Data Block Start

(* If $T$ is a tree of order $n\ge 2$, then $\gamma_{\rm gr}^t(T) = n$ if and only if $T$ has a perfect matching.
   Context: $N(v)$ denotes the open neighborhood of $v$. A sequence $S=(v_1,\ldots,v_k)$ of distinct vertices of a graph $G$ without isolated vertices is a legal sequence if $N(v_i)\setminus \bigcup_{j=1}^{i-1} N(v_j)\neq\emptyset$ for every $i\in\{2,\ldots,k\}$, and a total dominating sequence if moreover $\{v_1,\ldots,v_k\}$ is a total dominating set of $G$ (every vertex has a neighbor in it). $\gamma_{\rm gr}^t(G)$ is the maximum length of a total dominating sequence of $G$. *)

theory Defs
  imports Main
begin

definition simple_graph :: "'a set \<Rightarrow> ('a \<Rightarrow> 'a \<Rightarrow> bool) \<Rightarrow> bool" where
  "simple_graph V E \<longleftrightarrow> finite V \<and> (\<forall>u v. E u v \<longrightarrow> u \<in> V \<and> v \<in> V)
     \<and> (\<forall>u v. E u v \<longrightarrow> E v u) \<and> (\<forall>v. \<not> E v v)"

definition nbhd :: "'a set \<Rightarrow> ('a \<Rightarrow> 'a \<Rightarrow> bool) \<Rightarrow> 'a \<Rightarrow> 'a set" where
  "nbhd V E v = {u \<in> V. E v u}"

definition connected_graph :: "'a set \<Rightarrow> ('a \<Rightarrow> 'a \<Rightarrow> bool) \<Rightarrow> bool" where
  "connected_graph V E \<longleftrightarrow> (\<forall>u\<in>V. \<forall>v\<in>V. (\<lambda>x y. E x y)\<^sup>*\<^sup>* u v)"

definition is_cycle :: "'a set \<Rightarrow> ('a \<Rightarrow> 'a \<Rightarrow> bool) \<Rightarrow> 'a list \<Rightarrow> bool" where
  "is_cycle V E cs \<longleftrightarrow> length cs \<ge> 3 \<and> distinct cs \<and> set cs \<subseteq> V
     \<and> (\<forall>i. Suc i < length cs \<longrightarrow> E (cs ! i) (cs ! Suc i))
     \<and> E (last cs) (hd cs)"

definition acyclic_graph :: "'a set \<Rightarrow> ('a \<Rightarrow> 'a \<Rightarrow> bool) \<Rightarrow> bool" where
  "acyclic_graph V E \<longleftrightarrow> (\<nexists>cs. is_cycle V E cs)"

definition is_tree :: "'a set \<Rightarrow> ('a \<Rightarrow> 'a \<Rightarrow> bool) \<Rightarrow> bool" where
  "is_tree V E \<longleftrightarrow> simple_graph V E \<and> V \<noteq> {} \<and> connected_graph V E \<and> acyclic_graph V E"

definition perfect_matching :: "'a set \<Rightarrow> ('a \<Rightarrow> 'a \<Rightarrow> bool) \<Rightarrow> 'a set set \<Rightarrow> bool" where
  "perfect_matching V E M \<longleftrightarrow>
     (\<forall>e\<in>M. \<exists>u v. e = {u, v} \<and> E u v)
     \<and> (\<forall>e1\<in>M. \<forall>e2\<in>M. e1 \<noteq> e2 \<longrightarrow> e1 \<inter> e2 = {})
     \<and> (\<forall>v\<in>V. \<exists>e\<in>M. v \<in> e)"

definition has_perfect_matching :: "'a set \<Rightarrow> ('a \<Rightarrow> 'a \<Rightarrow> bool) \<Rightarrow> bool" where
  "has_perfect_matching V E \<longleftrightarrow> (\<exists>M. perfect_matching V E M)"

definition legal_seq :: "'a set \<Rightarrow> ('a \<Rightarrow> 'a \<Rightarrow> bool) \<Rightarrow> 'a list \<Rightarrow> bool" where
  "legal_seq V E S \<longleftrightarrow> distinct S \<and> set S \<subseteq> V
     \<and> (\<forall>i. 1 \<le> i \<and> i < length S \<longrightarrow>
           nbhd V E (S ! i) - (\<Union>j<i. nbhd V E (S ! j)) \<noteq> {})"

definition total_dominating_set :: "'a set \<Rightarrow> ('a \<Rightarrow> 'a \<Rightarrow> bool) \<Rightarrow> 'a set \<Rightarrow> bool" where
  "total_dominating_set V E D \<longleftrightarrow> D \<subseteq> V \<and> (\<forall>v\<in>V. \<exists>u\<in>D. E v u)"

definition total_dominating_seq :: "'a set \<Rightarrow> ('a \<Rightarrow> 'a \<Rightarrow> bool) \<Rightarrow> 'a list \<Rightarrow> bool" where
  "total_dominating_seq V E S \<longleftrightarrow> legal_seq V E S \<and> total_dominating_set V E (set S)"

definition gamma_gr_t :: "'a set \<Rightarrow> ('a \<Rightarrow> 'a \<Rightarrow> bool) \<Rightarrow> nat" where
  "gamma_gr_t V E = Max {length S | S. total_dominating_seq V E S}"

end

theory Submission
  imports Defs
begin

(* A legal sequence footprints a new vertex with every entry, so a total dominating sequence of
   length n lists all vertices, and choosing footprints yields an injective map f with v adjacent
   to f v for every vertex v.  An orbit of f of length at least 3 would be a cycle and f has no
   fixed points, so in a tree f is an involution and the edges {v, f v} form a perfect matching.
   Conversely, given a perfect matching, take a leaf l and its partner w: by induction the forest
   without l and w has a legal ordering R, and l, R, w is legal, since l footprints w, each vertex
   of R footprints its partner, and w finally footprints l, which no vertex of R dominates. *)

(* legal_from V E D S: S is legal when the vertices of D count as already dominated. *)
fun legal_from :: "'a set \<Rightarrow> ('a \<Rightarrow> 'a \<Rightarrow> bool) \<Rightarrow> 'a set \<Rightarrow> 'a list \<Rightarrow> bool" where
  "legal_from V E D [] \<longleftrightarrow> True"
| "legal_from V E D (x # xs) \<longleftrightarrow> nbhd V E x - D \<noteq> {} \<and> legal_from V E (D \<union> nbhd V E x) xs"

lemma legal_from_conv_nth:
  "legal_from V E D S \<longleftrightarrow>
     (\<forall>i<length S. nbhd V E (S ! i) - (D \<union> (\<Union>j<i. nbhd V E (S ! j))) \<noteq> {})"
proof (induction S arbitrary: D)
  case (Cons x xs)
  have "(\<Union>j<Suc i. nbhd V E ((x # xs) ! j)) = nbhd V E x \<union> (\<Union>j<i. nbhd V E (xs ! j))" for i
    by (auto simp: lessThan_Suc_eq_insert_0)
  then show ?case
    by (simp add: Cons.IH All_less_Suc2 Un_assoc)
qed simp

lemma legal_seq_Cons_iff:
  "legal_seq V E (x # xs) \<longleftrightarrow>
     distinct (x # xs) \<and> set (x # xs) \<subseteq> V \<and> legal_from V E (nbhd V E x) xs"
proof -
  have "(\<forall>i. 1 \<le> i \<and> i < length (x # xs) \<longrightarrow> P i) \<longleftrightarrow> (\<forall>k<length xs. P (Suc k))" for P
    by (metis One_nat_def Suc_le_eq length_Cons not0_implies_Suc not_less_eq zero_less_Suc)
  moreover have "(\<Union>j<Suc k. nbhd V E ((x # xs) ! j)) = nbhd V E x \<union> (\<Union>j<k. nbhd V E (xs ! j))" for k
    by (auto simp: lessThan_Suc_eq_insert_0)
  ultimately show ?thesis
    unfolding legal_seq_def legal_from_conv_nth by simp
qed

lemma legal_from_append:
  "legal_from V E D (xs @ ys) \<longleftrightarrow>
     legal_from V E D xs \<and> legal_from V E (D \<union> \<Union>(nbhd V E ` set xs)) ys"
  by (induction xs arbitrary: D) (auto simp: Un_assoc)

lemma legal_from_mono:
  assumes "legal_from V E D S" and "V \<subseteq> V'" and "D' \<inter> V \<subseteq> D"
  shows "legal_from V' E D' S"
  using assms
proof (induction S arbitrary: D D')
  case (Cons x xs)
  have "nbhd V E x - D \<subseteq> nbhd V' E x - D'" and "(D' \<union> nbhd V' E x) \<inter> V \<subseteq> D \<union> nbhd V E x"
    using Cons.prems(2,3) by (auto simp: nbhd_def)
  then show ?case using Cons by auto
qed simp

lemma legal_from_private_neighbours:
  "legal_from V E D S \<Longrightarrow> \<exists>f. inj_on f (set S) \<and> (\<forall>v\<in>set S. f v \<in> nbhd V E v - D)"
proof (induction S arbitrary: D)
  case (Cons x xs)
  obtain u where u: "u \<in> nbhd V E x - D" using Cons.prems by (simp only: legal_from.simps) blast
  obtain g where g: "inj_on g (set xs)" "\<forall>v\<in>set xs. g v \<in> nbhd V E v - (D \<union> nbhd V E x)"
    using Cons.IH[of "D \<union> nbhd V E x"] Cons.prems by auto
  then have "x \<notin> set xs" by blast
  then have "inj_on (g(x := u)) (set (x # xs)) \<and> (\<forall>v\<in>set (x # xs). (g(x := u)) v \<in> nbhd V E v - D)"
    using g u by (auto simp: inj_on_def)
  then show ?case by blast
qed simp

lemma legal_from_distinct: "legal_from V E D S \<Longrightarrow> distinct S"
proof (induction S arbitrary: D)
  case (Cons x xs)
  then obtain f where "\<forall>v\<in>set xs. f v \<in> nbhd V E v - (D \<union> nbhd V E x)"
    using legal_from_private_neighbours by fastforce
  then show ?case using Cons by auto
qed simp

lemma legal_seq_iff_legal_from:
  assumes "\<forall>v\<in>set S. nbhd V E v \<noteq> {}"
  shows "legal_seq V E S \<longleftrightarrow> set S \<subseteq> V \<and> legal_from V E {} S"
proof (cases S)
  case Nil
  then show ?thesis by (simp add: legal_seq_def)
next
  case (Cons x xs)
  then show ?thesis
    using assms legal_from_distinct[of V E "{}" S] by (auto simp: legal_seq_Cons_iff)
qed

lemma total_dominating_seq_exists:
  assumes "symp E" and "finite V" and no_isolated: "\<forall>v\<in>V. nbhd V E v \<noteq> {}"
  shows "\<exists>S. total_dominating_seq V E S"
proof -
  have "\<exists>S'. total_dominating_seq V E S'" if "set S \<subseteq> V" and "legal_from V E {} S" for S
    using that
  proof (induction "card V - length S" arbitrary: S rule: less_induct)
    case less
    show ?case
    proof (cases "total_dominating_set V E (set S)")
      case True
      moreover have "legal_seq V E S"
        using less.prems no_isolated legal_seq_iff_legal_from[of S V E] by blast
      ultimately show ?thesis by (auto simp: total_dominating_seq_def)
    next
      case False
      then obtain w where w: "w \<in> V" "\<forall>y\<in>set S. \<not> E w y"
        using less.prems(1) by (auto simp: total_dominating_set_def)
      then obtain u where u: "u \<in> V" "E w u" using no_isolated by (auto simp: nbhd_def)
      have "w \<in> nbhd V E u - \<Union>(nbhd V E ` set S)"
        using w u \<open>symp E\<close> by (auto simp: nbhd_def dest: sympD)
      then have "legal_from V E {} (S @ [u])" using less.prems(2) by (auto simp: legal_from_append)
      moreover have "length S < card V"
      proof -
        have "set S \<subset> V" using less.prems(1) u w by auto
        then show ?thesis
          using \<open>finite V\<close> legal_from_distinct[OF less.prems(2)]
          by (metis distinct_card psubset_card_mono)
      qed
      ultimately show ?thesis using less.hyps[of "S @ [u]"] less.prems(1) u(1) by simp
    qed
  qed
  from this[of "[]"] show ?thesis by simp
qed

lemma gamma_gr_t_eq_card_iff:
  assumes "simple_graph V E" and no_isolated: "\<forall>v\<in>V. nbhd V E v \<noteq> {}"
  shows "gamma_gr_t V E = card V \<longleftrightarrow> (\<exists>S. set S = V \<and> legal_from V E {} S)"
proof -
  let ?L = "{length S | S. total_dominating_seq V E S}"
  have "finite V" and "symp E" using assms(1) by (auto simp: simple_graph_def symp_def)
  have spanning: "total_dominating_seq V E S \<and> length S = card V \<longleftrightarrow> set S = V \<and> legal_from V E {} S"
    for S
  proof
    assume S: "total_dominating_seq V E S \<and> length S = card V"
    then have "distinct S" "set S \<subseteq> V"
      by (auto simp: total_dominating_seq_def legal_seq_def)
    with S have "set S = V" using \<open>finite V\<close> by (metis card_subset_eq distinct_card)
    then show "set S = V \<and> legal_from V E {} S"
      using S no_isolated legal_seq_iff_legal_from[of S V E] by (auto simp: total_dominating_seq_def)
  next
    assume S: "set S = V \<and> legal_from V E {} S"
    then have "length S = card V" using legal_from_distinct by (metis distinct_card)
    moreover have "total_dominating_set V E (set S)"
      using S no_isolated by (auto simp: total_dominating_set_def nbhd_def)
    ultimately show "total_dominating_seq V E S \<and> length S = card V"
      using S no_isolated legal_seq_iff_legal_from[of S V E] by (simp add: total_dominating_seq_def)
  qed
  have bounded: "\<forall>l\<in>?L. l \<le> card V"
  proof
    fix l assume "l \<in> ?L"
    then obtain S where "legal_seq V E S" "l = length S" by (auto simp: total_dominating_seq_def)
    then show "l \<le> card V"
      using \<open>finite V\<close> by (metis card_mono distinct_card legal_seq_def)
  qed
  then have "finite ?L" by (meson finite_atMost finite_subset subsetI atMost_iff)
  moreover have "?L \<noteq> {}"
    using total_dominating_seq_exists[OF \<open>symp E\<close> \<open>finite V\<close> no_isolated] by auto
  ultimately have "Max ?L = card V \<longleftrightarrow> card V \<in> ?L"
    using bounded Max_in[of ?L] Max_eqI[of ?L "card V"] by auto
  then have "gamma_gr_t V E = card V \<longleftrightarrow> (\<exists>S. total_dominating_seq V E S \<and> length S = card V)"
    unfolding gamma_gr_t_def by auto
  then show ?thesis using spanning by blast
qed

definition graph_path :: "('a \<Rightarrow> 'a \<Rightarrow> bool) \<Rightarrow> 'a list \<Rightarrow> bool" where
  "graph_path E P \<longleftrightarrow> distinct P \<and> (\<forall>i. Suc i < length P \<longrightarrow> E (P ! i) (P ! Suc i))"

lemma graph_path_chord_cycle:
  assumes "symp E" and "graph_path E P" and "set P \<subseteq> V"
    and "2 \<le> c" and "c < length P" and "E (P ! 0) (P ! c)"
  shows "is_cycle V E (take (Suc c) P)"
proof -
  have "last (take (Suc c) P) = P ! c"
    using assms(5) by (subst last_conv_nth) (auto simp: min_def intro: arg_cong[where f = "nth P"])
  moreover have "hd (take (Suc c) P) = P ! 0"
    using assms(5) by (cases P) auto
  moreover have "set (take (Suc c) P) \<subseteq> V"
    using assms(3) set_take_subset[of "Suc c" P] by blast
  ultimately show ?thesis
    using assms by (auto simp: is_cycle_def graph_path_def dest: sympD)
qed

Data Block End

■ **What needs to be done**
In the listing above, locate the line with "with S have" and the line with "using bounded Max_in[of", then extract exactly those lines and every line between them, and nothing more.

■ **Exercise result**
    with S have "set S = V" using \<open>finite V\<close> by (metis card_subset_eq distinct_card)
    then show "set S = V \<and> legal_from V E {} S"
      using S no_isolated legal_seq_iff_legal_from[of S V E] by (auto simp: total_dominating_seq_def)
  next
    assume S: "set S = V \<and> legal_from V E {} S"
    then have "length S = card V" using legal_from_distinct by (metis distinct_card)
    moreover have "total_dominating_set V E (set S)"
      using S no_isolated by (auto simp: total_dominating_set_def nbhd_def)
    ultimately show "total_dominating_seq V E S \<and> length S = card V"
      using S no_isolated legal_seq_iff_legal_from[of S V E] by (simp add: total_dominating_seq_def)
  qed
  have bounded: "\<forall>l\<in>?L. l \<le> card V"
  proof
    fix l assume "l \<in> ?L"
    then obtain S where "legal_seq V E S" "l = length S" by (auto simp: total_dominating_seq_def)
    then show "l \<le> card V"
      using \<open>finite V\<close> by (metis card_mono distinct_card legal_seq_def)
  qed
  then have "finite ?L" by (meson finite_atMost finite_subset subsetI atMost_iff)
  moreover have "?L \<noteq> {}"
    using total_dominating_seq_exists[OF \<open>symp E\<close> \<open>finite V\<close> no_isolated] by auto
  ultimately have "Max ?L = card V \<longleftrightarrow> card V \<in> ?L"
    using bounded Max_in[of ?L] Max_eqI[of ?L "card V"] by auto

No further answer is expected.